Work order
Lines from the records below that contain the word "metis" are to be copied out.

______

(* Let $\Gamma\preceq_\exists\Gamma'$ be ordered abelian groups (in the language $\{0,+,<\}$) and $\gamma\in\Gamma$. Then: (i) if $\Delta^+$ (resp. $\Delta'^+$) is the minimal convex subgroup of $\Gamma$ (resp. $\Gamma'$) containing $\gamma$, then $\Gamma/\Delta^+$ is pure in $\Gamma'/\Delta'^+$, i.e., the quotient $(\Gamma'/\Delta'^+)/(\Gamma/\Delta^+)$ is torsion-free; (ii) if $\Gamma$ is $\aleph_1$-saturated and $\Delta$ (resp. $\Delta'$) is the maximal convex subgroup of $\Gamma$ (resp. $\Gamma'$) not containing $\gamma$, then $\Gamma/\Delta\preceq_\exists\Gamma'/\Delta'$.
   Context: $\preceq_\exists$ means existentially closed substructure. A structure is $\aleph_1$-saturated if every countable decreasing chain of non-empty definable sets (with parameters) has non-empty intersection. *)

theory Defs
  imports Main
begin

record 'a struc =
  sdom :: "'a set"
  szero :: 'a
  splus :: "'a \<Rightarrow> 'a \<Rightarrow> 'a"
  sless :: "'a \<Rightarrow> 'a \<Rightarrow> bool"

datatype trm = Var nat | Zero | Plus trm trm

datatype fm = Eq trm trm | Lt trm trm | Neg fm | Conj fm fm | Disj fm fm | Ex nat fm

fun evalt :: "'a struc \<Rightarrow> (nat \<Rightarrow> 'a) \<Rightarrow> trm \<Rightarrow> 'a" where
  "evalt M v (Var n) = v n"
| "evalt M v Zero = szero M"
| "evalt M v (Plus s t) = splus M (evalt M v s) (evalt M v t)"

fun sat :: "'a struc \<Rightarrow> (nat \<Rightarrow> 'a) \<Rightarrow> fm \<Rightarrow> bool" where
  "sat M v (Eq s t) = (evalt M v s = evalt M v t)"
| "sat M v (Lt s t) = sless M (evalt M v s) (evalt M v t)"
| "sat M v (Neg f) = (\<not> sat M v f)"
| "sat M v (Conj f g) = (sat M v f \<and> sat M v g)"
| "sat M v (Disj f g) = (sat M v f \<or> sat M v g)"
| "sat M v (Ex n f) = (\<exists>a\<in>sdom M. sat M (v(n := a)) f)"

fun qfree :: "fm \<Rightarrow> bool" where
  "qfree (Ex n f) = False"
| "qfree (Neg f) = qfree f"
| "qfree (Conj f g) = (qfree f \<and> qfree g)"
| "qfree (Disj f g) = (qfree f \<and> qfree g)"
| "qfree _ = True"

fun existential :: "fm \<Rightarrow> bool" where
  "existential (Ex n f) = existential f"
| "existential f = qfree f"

______

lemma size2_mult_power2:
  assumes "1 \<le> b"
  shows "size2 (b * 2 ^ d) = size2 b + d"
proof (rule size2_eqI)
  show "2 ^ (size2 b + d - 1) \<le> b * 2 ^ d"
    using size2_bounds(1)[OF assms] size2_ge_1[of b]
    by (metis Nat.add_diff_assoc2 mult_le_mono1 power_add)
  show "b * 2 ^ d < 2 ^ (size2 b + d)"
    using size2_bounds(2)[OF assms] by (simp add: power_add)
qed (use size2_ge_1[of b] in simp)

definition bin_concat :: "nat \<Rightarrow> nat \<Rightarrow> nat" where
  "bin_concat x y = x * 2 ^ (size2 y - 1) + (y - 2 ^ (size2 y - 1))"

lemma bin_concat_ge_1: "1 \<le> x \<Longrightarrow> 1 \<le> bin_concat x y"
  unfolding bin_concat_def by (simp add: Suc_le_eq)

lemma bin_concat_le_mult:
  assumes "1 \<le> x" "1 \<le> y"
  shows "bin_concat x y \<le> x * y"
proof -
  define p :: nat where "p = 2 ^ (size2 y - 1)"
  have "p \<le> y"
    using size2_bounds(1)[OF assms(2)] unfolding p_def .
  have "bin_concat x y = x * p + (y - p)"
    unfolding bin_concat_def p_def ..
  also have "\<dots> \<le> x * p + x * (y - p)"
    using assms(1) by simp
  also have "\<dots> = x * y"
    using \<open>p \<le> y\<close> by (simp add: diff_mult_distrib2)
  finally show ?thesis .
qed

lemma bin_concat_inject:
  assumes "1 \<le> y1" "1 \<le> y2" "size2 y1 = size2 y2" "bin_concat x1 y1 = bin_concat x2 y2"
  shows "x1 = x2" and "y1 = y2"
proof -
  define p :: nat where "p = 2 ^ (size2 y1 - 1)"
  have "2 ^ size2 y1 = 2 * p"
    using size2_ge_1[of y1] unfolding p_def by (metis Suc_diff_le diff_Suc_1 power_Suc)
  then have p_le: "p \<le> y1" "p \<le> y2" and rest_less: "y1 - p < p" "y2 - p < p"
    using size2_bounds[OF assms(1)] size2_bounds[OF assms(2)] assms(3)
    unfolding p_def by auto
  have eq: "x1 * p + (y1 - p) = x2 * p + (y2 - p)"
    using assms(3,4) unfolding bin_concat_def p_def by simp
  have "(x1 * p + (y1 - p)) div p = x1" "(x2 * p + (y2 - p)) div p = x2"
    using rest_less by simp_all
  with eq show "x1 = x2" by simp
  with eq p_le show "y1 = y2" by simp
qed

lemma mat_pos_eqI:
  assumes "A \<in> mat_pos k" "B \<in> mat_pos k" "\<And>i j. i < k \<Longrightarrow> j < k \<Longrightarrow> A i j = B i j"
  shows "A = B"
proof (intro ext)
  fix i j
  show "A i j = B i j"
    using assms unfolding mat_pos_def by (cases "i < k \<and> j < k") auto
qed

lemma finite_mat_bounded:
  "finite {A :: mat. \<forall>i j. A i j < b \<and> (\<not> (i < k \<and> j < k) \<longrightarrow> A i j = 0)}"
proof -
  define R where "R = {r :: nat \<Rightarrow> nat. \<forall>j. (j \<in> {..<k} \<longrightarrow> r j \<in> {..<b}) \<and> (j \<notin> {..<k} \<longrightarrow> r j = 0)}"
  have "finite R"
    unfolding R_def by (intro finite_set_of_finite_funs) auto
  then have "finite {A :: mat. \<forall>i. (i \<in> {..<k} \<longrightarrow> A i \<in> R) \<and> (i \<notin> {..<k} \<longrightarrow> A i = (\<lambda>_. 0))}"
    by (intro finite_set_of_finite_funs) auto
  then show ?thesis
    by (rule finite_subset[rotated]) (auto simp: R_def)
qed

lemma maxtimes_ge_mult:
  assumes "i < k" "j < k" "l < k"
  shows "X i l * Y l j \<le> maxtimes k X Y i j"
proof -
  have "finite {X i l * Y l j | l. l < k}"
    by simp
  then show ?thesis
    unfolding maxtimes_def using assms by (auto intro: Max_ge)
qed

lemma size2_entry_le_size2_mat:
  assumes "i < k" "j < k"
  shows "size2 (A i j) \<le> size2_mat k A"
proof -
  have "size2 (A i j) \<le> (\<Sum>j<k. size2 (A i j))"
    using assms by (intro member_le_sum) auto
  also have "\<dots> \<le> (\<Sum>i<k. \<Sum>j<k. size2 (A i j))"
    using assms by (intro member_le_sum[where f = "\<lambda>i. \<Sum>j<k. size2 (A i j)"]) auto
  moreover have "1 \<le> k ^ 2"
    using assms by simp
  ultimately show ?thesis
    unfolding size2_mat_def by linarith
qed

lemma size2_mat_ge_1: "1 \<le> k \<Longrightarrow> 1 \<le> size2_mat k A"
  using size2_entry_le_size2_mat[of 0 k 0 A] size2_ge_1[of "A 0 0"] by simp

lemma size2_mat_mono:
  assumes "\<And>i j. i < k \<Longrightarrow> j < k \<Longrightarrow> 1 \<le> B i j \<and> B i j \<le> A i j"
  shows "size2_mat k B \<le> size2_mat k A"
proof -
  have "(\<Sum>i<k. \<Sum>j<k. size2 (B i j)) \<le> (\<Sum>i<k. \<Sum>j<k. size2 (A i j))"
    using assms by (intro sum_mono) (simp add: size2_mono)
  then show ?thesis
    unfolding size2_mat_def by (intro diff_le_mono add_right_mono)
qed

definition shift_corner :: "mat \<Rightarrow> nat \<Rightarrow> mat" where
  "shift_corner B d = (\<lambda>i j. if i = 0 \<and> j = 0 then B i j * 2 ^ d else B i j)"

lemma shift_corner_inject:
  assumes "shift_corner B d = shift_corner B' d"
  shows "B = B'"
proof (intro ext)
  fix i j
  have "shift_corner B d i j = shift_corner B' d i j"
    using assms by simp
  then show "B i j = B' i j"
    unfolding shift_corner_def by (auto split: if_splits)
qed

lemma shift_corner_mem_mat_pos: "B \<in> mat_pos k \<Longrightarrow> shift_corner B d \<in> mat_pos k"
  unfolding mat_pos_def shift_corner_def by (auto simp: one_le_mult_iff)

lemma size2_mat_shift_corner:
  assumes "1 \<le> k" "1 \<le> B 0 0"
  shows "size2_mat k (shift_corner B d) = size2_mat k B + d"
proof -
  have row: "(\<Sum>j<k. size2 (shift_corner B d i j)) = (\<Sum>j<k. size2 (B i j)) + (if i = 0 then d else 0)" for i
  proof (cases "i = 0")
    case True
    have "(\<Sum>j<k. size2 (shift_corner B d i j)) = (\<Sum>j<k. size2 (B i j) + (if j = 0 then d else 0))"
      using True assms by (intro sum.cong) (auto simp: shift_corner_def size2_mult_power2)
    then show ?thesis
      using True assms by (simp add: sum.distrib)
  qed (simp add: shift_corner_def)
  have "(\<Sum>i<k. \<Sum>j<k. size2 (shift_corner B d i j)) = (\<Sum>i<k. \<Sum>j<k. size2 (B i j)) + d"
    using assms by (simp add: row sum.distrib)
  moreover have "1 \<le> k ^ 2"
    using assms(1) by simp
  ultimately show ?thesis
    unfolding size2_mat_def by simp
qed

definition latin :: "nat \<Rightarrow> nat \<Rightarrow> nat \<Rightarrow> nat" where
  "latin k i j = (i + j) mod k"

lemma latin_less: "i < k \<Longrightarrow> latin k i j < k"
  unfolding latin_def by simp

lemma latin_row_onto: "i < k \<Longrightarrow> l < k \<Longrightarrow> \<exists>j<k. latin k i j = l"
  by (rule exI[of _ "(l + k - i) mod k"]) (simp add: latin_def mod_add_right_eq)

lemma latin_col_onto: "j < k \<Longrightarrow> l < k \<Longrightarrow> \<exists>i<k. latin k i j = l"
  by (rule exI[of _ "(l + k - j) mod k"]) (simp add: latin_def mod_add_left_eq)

______

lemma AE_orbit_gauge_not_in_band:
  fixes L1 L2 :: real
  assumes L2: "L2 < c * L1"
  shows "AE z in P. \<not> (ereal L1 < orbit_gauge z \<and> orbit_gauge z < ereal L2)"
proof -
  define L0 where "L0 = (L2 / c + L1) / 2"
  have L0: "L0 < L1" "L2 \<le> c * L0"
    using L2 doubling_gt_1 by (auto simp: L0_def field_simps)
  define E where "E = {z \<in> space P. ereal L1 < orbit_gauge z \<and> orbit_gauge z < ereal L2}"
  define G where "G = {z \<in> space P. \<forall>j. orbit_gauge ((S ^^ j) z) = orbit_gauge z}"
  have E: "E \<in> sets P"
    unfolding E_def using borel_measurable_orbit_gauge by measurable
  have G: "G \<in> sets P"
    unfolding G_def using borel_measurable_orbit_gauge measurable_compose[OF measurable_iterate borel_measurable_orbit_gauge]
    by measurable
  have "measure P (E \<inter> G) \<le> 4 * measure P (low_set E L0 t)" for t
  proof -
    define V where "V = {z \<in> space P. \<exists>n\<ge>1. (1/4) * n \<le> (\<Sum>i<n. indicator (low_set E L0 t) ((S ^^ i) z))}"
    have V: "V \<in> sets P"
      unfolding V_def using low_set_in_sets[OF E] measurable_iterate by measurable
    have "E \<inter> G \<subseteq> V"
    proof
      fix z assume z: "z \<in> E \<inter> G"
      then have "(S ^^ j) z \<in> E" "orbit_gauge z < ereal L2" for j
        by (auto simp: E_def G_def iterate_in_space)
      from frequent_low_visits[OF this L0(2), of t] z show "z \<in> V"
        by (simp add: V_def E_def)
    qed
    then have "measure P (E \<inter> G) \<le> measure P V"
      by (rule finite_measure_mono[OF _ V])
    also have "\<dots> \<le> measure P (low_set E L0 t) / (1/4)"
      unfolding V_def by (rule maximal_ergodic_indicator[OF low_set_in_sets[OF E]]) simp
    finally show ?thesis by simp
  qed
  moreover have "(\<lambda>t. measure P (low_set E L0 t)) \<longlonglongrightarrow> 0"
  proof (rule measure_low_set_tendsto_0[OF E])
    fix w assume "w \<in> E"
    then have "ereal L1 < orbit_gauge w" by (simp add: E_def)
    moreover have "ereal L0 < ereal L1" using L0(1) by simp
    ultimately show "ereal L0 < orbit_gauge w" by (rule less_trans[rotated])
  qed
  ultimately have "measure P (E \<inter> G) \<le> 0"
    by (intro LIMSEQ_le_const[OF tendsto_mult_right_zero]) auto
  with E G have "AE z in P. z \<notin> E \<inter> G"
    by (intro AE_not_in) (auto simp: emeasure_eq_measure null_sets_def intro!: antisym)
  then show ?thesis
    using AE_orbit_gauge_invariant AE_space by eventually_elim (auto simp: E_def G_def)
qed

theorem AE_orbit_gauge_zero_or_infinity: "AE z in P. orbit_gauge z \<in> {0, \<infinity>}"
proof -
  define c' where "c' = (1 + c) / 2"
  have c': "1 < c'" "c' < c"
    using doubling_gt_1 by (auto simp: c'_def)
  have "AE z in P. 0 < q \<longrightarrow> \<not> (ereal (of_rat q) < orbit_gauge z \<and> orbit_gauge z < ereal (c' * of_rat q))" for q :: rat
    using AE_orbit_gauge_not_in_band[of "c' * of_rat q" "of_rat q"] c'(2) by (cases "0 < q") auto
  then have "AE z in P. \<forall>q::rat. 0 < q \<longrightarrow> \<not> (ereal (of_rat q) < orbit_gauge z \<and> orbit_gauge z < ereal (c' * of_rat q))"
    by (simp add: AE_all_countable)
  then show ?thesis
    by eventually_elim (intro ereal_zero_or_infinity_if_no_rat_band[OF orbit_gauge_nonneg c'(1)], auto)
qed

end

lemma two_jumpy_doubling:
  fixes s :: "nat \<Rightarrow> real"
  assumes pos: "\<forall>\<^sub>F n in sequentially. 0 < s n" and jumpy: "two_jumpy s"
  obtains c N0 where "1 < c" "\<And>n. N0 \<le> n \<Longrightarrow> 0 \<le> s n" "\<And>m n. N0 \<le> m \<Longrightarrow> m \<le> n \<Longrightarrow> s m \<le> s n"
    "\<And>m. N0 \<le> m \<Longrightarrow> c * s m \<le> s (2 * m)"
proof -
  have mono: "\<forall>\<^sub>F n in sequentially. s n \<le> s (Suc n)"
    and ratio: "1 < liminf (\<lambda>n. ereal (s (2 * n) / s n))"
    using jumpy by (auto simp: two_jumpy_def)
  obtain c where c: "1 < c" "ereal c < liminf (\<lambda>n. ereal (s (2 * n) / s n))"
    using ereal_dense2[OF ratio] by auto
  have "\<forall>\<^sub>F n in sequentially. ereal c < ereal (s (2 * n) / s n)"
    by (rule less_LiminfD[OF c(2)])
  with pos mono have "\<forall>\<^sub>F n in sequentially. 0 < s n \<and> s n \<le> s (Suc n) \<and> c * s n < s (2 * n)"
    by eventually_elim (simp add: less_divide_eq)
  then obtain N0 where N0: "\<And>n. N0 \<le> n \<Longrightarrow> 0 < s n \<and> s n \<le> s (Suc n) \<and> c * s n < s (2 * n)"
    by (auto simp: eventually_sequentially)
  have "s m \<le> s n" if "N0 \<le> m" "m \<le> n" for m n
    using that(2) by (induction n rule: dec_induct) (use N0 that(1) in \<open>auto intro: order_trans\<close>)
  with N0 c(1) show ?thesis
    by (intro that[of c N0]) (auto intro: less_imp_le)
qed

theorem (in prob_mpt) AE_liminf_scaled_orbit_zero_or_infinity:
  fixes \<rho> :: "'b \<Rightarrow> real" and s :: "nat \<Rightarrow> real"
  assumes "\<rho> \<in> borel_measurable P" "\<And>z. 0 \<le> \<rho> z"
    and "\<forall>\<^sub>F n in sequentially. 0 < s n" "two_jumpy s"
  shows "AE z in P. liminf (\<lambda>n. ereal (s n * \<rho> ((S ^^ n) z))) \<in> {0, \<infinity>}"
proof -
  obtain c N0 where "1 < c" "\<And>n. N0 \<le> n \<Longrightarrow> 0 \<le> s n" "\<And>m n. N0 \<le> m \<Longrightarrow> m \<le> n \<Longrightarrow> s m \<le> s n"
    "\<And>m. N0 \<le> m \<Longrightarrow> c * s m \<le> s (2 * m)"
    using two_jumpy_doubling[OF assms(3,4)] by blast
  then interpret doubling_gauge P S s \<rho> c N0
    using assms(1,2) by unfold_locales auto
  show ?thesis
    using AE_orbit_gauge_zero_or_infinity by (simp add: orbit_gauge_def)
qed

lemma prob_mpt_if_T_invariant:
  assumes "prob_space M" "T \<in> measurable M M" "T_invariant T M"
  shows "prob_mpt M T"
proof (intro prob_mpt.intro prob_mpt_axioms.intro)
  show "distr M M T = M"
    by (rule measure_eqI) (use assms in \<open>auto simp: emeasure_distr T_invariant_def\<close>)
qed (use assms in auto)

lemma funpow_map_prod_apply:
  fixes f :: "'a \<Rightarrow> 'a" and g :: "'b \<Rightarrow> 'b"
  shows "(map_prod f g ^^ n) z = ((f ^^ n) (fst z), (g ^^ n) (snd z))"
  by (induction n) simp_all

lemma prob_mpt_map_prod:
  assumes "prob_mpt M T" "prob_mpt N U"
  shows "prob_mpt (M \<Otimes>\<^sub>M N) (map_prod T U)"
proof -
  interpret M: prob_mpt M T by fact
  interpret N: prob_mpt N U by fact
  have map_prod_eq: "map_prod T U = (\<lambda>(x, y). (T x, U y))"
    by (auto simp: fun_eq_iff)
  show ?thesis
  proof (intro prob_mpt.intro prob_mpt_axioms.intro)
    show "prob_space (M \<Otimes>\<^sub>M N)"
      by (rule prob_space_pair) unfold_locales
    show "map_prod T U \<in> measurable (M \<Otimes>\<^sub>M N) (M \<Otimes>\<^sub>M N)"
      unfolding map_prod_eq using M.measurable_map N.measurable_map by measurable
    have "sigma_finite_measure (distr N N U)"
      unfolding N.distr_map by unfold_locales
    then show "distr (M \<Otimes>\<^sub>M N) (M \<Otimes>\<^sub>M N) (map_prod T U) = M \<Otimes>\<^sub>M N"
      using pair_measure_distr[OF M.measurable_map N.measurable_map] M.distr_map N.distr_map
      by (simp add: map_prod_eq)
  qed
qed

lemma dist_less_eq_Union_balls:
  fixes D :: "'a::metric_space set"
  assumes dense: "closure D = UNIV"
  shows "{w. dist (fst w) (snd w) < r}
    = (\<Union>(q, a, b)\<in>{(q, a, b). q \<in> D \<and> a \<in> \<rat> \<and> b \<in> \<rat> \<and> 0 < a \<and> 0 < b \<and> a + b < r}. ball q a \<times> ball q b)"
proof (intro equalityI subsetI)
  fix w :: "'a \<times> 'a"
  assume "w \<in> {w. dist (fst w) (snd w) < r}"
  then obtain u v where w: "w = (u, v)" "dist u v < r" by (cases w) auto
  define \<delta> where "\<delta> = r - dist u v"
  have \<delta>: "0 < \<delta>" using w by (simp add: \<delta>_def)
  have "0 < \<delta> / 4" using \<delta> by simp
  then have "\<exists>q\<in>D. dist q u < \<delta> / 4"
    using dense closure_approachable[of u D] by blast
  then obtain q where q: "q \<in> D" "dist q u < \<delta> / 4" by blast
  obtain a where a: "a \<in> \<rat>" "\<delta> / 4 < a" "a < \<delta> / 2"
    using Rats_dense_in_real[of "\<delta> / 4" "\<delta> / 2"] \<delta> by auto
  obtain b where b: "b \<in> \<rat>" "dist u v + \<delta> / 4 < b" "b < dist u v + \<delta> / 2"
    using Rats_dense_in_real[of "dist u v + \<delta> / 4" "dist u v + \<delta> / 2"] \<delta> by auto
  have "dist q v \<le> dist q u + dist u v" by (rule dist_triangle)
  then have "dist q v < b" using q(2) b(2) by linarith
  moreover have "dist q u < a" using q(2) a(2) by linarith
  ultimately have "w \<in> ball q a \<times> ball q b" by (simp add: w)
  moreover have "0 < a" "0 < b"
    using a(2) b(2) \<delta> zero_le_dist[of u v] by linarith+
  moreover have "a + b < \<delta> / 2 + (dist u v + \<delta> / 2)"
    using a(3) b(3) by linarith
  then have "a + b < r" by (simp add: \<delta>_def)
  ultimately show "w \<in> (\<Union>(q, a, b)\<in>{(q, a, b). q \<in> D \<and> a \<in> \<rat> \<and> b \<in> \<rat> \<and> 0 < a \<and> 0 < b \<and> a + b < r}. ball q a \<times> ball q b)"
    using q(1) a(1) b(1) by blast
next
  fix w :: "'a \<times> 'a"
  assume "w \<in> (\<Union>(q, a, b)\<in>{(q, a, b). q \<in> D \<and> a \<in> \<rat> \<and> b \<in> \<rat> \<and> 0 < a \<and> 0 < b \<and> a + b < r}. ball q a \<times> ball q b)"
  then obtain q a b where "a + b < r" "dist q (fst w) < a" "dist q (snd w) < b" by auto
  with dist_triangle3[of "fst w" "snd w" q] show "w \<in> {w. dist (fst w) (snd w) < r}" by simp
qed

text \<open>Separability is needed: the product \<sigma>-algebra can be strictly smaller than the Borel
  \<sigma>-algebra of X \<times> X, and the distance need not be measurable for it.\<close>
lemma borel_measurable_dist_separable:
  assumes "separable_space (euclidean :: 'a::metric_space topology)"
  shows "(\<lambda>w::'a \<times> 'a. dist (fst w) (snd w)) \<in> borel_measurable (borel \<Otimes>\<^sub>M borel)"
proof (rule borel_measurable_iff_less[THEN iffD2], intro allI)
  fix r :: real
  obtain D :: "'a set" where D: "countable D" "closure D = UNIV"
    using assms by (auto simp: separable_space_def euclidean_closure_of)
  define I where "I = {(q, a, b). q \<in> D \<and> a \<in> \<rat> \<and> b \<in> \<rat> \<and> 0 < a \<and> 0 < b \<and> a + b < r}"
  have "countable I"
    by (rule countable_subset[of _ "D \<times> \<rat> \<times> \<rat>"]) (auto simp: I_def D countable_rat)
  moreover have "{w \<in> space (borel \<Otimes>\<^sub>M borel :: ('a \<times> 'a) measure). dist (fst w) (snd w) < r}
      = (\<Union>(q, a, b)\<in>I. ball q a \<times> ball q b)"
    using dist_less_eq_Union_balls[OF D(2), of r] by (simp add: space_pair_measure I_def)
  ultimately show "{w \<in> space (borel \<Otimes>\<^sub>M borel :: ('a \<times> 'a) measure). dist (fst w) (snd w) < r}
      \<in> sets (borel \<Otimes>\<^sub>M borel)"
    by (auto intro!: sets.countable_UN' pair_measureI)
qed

______

Output below
    by (metis Nat.add_diff_assoc2 mult_le_mono1 power_add)
    using size2_ge_1[of y1] unfolding p_def by (metis Suc_diff_le diff_Suc_1 power_Suc)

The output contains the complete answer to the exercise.